(Entries taken from a collection)
-----

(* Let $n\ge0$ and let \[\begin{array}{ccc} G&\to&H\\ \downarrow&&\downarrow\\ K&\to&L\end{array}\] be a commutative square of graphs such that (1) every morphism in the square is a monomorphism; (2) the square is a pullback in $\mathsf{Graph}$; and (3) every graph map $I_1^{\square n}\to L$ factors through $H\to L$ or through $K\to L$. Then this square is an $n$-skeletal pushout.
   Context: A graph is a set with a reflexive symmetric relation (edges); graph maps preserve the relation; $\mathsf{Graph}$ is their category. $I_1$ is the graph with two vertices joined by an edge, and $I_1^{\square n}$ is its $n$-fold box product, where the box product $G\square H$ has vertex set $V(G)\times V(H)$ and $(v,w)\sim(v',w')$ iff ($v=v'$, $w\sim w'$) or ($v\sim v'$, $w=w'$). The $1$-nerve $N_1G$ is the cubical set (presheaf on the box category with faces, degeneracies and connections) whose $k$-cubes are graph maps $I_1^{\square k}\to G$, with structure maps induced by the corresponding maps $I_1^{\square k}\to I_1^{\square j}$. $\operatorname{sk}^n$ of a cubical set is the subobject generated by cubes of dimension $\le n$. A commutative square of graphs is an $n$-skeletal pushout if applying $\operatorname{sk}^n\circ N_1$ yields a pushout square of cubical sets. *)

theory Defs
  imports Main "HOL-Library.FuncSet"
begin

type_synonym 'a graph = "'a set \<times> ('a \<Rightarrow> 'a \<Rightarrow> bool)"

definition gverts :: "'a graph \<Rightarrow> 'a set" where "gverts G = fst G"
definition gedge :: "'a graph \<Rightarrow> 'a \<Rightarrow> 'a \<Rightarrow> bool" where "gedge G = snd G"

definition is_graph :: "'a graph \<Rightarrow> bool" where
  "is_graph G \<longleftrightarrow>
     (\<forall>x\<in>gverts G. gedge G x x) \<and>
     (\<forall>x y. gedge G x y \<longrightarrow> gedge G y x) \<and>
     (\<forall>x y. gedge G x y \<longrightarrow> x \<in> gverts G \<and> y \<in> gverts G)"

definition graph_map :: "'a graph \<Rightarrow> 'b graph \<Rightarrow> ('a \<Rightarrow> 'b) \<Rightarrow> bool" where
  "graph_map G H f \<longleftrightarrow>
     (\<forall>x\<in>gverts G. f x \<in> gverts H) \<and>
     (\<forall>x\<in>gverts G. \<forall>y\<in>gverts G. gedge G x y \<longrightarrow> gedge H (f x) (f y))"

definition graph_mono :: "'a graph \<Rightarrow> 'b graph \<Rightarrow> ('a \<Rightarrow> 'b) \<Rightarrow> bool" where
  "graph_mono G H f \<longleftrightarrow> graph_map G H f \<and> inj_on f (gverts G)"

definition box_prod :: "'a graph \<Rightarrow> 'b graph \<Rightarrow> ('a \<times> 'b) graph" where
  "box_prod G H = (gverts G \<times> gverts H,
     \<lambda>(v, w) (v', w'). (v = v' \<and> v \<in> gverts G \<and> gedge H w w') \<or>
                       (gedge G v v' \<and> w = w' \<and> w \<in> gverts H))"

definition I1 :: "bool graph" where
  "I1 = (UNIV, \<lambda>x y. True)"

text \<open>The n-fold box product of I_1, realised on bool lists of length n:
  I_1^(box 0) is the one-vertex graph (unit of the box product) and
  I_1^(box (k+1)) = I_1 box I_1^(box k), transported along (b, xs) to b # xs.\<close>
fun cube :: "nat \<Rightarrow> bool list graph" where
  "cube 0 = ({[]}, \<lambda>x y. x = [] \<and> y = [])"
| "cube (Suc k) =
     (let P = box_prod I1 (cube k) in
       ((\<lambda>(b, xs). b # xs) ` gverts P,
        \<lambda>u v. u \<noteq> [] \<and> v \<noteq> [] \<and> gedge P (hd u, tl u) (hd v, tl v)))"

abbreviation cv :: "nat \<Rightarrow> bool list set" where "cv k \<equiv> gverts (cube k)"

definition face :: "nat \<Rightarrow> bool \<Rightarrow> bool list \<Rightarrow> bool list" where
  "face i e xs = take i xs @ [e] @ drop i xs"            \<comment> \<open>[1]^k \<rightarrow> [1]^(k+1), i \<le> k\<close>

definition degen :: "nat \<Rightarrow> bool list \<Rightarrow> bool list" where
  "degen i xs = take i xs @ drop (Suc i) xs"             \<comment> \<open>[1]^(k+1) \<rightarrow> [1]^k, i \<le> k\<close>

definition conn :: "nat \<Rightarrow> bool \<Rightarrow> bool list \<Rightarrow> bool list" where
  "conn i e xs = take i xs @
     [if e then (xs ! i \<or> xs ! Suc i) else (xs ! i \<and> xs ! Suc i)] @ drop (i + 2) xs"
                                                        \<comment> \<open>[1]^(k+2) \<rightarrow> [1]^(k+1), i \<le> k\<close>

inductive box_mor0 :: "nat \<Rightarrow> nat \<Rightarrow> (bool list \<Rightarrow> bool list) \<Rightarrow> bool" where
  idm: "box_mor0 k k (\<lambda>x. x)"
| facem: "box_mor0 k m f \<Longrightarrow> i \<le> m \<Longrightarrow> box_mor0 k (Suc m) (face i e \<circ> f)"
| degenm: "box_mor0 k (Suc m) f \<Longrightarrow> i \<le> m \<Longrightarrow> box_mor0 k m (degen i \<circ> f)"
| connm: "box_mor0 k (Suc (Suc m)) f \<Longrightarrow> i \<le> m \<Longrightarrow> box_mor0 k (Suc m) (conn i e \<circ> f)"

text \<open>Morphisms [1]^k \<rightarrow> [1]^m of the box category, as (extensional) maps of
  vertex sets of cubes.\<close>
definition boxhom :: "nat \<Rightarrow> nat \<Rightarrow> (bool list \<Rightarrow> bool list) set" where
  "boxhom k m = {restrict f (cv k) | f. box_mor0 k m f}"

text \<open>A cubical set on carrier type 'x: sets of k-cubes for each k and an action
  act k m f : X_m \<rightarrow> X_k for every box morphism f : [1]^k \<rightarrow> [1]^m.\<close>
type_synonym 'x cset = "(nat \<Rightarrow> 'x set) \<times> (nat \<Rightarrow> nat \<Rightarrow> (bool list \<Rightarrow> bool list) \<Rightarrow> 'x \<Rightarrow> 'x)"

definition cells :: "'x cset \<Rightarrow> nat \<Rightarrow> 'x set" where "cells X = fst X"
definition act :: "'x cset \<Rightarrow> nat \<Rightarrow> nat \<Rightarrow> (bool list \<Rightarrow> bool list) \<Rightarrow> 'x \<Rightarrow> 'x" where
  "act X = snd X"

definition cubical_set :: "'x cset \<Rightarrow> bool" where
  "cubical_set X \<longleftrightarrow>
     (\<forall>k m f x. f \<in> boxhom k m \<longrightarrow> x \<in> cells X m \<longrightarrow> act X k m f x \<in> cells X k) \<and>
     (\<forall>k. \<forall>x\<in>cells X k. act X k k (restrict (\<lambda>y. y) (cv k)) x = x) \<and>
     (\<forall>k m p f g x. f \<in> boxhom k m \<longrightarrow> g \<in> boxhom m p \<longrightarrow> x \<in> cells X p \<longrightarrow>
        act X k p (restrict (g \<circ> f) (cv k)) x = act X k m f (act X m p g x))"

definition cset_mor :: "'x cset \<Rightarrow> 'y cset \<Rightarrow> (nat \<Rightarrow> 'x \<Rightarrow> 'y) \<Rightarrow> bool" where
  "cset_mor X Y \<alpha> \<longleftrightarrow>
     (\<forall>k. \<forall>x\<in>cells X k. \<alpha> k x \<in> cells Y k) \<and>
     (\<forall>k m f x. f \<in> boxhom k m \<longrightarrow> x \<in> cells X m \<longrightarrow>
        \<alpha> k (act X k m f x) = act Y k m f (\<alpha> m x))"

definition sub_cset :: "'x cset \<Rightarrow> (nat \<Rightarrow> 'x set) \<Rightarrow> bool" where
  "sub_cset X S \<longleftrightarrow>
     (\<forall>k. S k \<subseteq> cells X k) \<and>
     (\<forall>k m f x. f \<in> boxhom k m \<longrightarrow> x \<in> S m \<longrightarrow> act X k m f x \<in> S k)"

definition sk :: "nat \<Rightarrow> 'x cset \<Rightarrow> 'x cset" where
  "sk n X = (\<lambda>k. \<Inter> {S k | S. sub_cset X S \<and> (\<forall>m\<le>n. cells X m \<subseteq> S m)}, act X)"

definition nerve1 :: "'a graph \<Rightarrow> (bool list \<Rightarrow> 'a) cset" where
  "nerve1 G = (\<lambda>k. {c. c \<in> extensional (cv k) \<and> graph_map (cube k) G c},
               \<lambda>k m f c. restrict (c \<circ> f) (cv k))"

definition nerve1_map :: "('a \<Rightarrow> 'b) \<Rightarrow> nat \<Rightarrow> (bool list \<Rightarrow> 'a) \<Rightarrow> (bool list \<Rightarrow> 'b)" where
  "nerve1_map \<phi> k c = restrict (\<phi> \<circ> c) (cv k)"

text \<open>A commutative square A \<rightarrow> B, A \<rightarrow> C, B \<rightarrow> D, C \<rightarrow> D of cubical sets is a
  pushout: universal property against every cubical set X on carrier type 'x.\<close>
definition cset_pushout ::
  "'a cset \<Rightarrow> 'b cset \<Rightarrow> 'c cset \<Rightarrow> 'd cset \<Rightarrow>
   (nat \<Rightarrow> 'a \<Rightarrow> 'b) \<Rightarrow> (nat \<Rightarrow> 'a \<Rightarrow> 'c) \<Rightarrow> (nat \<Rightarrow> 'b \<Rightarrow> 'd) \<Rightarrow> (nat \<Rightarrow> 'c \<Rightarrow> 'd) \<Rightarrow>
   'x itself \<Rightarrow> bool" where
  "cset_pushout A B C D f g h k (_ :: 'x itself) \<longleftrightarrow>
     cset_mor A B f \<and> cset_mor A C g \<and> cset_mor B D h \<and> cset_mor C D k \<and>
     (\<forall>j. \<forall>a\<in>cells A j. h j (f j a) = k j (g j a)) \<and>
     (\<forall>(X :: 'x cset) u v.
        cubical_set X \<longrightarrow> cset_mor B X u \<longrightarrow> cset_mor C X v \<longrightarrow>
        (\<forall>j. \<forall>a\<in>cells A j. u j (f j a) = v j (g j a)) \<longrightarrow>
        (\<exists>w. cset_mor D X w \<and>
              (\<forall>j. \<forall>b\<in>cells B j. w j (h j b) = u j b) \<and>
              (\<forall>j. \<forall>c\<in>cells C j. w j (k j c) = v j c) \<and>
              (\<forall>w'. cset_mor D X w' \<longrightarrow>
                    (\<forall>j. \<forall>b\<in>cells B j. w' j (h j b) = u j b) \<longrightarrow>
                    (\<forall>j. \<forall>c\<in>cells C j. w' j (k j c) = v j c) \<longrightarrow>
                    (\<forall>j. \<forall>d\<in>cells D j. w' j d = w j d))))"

-----

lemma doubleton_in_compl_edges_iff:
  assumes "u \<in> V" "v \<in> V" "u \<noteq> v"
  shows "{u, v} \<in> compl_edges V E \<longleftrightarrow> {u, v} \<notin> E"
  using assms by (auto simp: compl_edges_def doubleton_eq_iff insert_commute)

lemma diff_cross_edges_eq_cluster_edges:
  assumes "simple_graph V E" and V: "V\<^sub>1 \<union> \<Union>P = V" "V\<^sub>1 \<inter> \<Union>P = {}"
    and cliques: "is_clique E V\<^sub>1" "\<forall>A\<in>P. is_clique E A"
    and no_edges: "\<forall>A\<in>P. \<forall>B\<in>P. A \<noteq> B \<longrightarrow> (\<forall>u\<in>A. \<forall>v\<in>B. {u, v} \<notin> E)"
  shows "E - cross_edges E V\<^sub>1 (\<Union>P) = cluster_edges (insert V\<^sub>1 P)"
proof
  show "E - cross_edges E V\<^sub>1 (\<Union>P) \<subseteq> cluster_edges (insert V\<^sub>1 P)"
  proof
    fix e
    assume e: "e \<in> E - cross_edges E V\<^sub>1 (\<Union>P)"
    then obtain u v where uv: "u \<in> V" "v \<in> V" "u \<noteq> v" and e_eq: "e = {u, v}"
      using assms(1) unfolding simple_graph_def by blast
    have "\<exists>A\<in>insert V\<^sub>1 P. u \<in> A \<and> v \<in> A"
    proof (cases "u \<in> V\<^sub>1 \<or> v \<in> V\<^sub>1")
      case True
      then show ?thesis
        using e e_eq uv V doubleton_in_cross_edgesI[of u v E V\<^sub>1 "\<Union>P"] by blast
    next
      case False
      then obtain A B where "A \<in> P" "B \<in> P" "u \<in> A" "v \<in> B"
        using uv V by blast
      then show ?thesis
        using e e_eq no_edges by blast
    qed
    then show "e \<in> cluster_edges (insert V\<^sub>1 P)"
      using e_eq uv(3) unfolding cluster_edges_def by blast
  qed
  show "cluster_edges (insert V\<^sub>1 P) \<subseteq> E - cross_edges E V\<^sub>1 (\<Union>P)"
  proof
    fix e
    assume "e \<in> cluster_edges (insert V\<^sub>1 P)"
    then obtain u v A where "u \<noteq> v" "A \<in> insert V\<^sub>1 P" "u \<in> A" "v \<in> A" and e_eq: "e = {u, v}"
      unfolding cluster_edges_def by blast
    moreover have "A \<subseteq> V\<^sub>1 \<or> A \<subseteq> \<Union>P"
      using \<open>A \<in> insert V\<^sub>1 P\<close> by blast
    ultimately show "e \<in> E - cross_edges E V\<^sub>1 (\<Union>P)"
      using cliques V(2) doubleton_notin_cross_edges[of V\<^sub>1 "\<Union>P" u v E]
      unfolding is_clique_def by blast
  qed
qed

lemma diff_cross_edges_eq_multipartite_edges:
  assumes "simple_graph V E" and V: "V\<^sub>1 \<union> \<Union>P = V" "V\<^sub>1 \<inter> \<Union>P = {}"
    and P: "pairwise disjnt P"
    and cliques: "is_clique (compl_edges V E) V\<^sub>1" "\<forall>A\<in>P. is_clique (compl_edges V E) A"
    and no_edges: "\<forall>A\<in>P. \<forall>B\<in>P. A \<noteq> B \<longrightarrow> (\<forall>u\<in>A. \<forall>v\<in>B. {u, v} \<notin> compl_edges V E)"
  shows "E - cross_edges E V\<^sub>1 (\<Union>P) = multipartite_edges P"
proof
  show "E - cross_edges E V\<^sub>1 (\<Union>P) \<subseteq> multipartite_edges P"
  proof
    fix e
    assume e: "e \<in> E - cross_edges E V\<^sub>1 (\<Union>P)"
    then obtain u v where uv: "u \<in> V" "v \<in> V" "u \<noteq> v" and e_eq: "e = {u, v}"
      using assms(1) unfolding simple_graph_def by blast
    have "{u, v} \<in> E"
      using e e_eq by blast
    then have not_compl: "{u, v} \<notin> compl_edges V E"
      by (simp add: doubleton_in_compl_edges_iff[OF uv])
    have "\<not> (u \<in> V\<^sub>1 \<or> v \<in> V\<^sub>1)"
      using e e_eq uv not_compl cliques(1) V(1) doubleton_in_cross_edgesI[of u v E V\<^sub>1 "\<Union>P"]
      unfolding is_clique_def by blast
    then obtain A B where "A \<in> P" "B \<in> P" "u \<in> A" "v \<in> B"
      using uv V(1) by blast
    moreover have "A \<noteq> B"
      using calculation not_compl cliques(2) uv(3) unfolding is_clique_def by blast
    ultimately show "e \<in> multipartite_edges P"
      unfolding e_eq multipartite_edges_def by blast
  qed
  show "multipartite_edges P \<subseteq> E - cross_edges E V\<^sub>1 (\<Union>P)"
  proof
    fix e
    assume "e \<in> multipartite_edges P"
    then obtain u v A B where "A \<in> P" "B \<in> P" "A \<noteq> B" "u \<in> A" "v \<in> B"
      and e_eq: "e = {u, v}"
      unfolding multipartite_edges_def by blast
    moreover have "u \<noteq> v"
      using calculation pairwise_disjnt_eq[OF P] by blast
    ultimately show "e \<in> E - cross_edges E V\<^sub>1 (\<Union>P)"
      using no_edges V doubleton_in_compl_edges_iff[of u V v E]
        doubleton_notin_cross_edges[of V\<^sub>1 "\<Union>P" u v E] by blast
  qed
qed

-----

[Task instructions] Wherever the string "begin" shows up in a line of the records, count that line once. Report the total alone.

[Response area] 2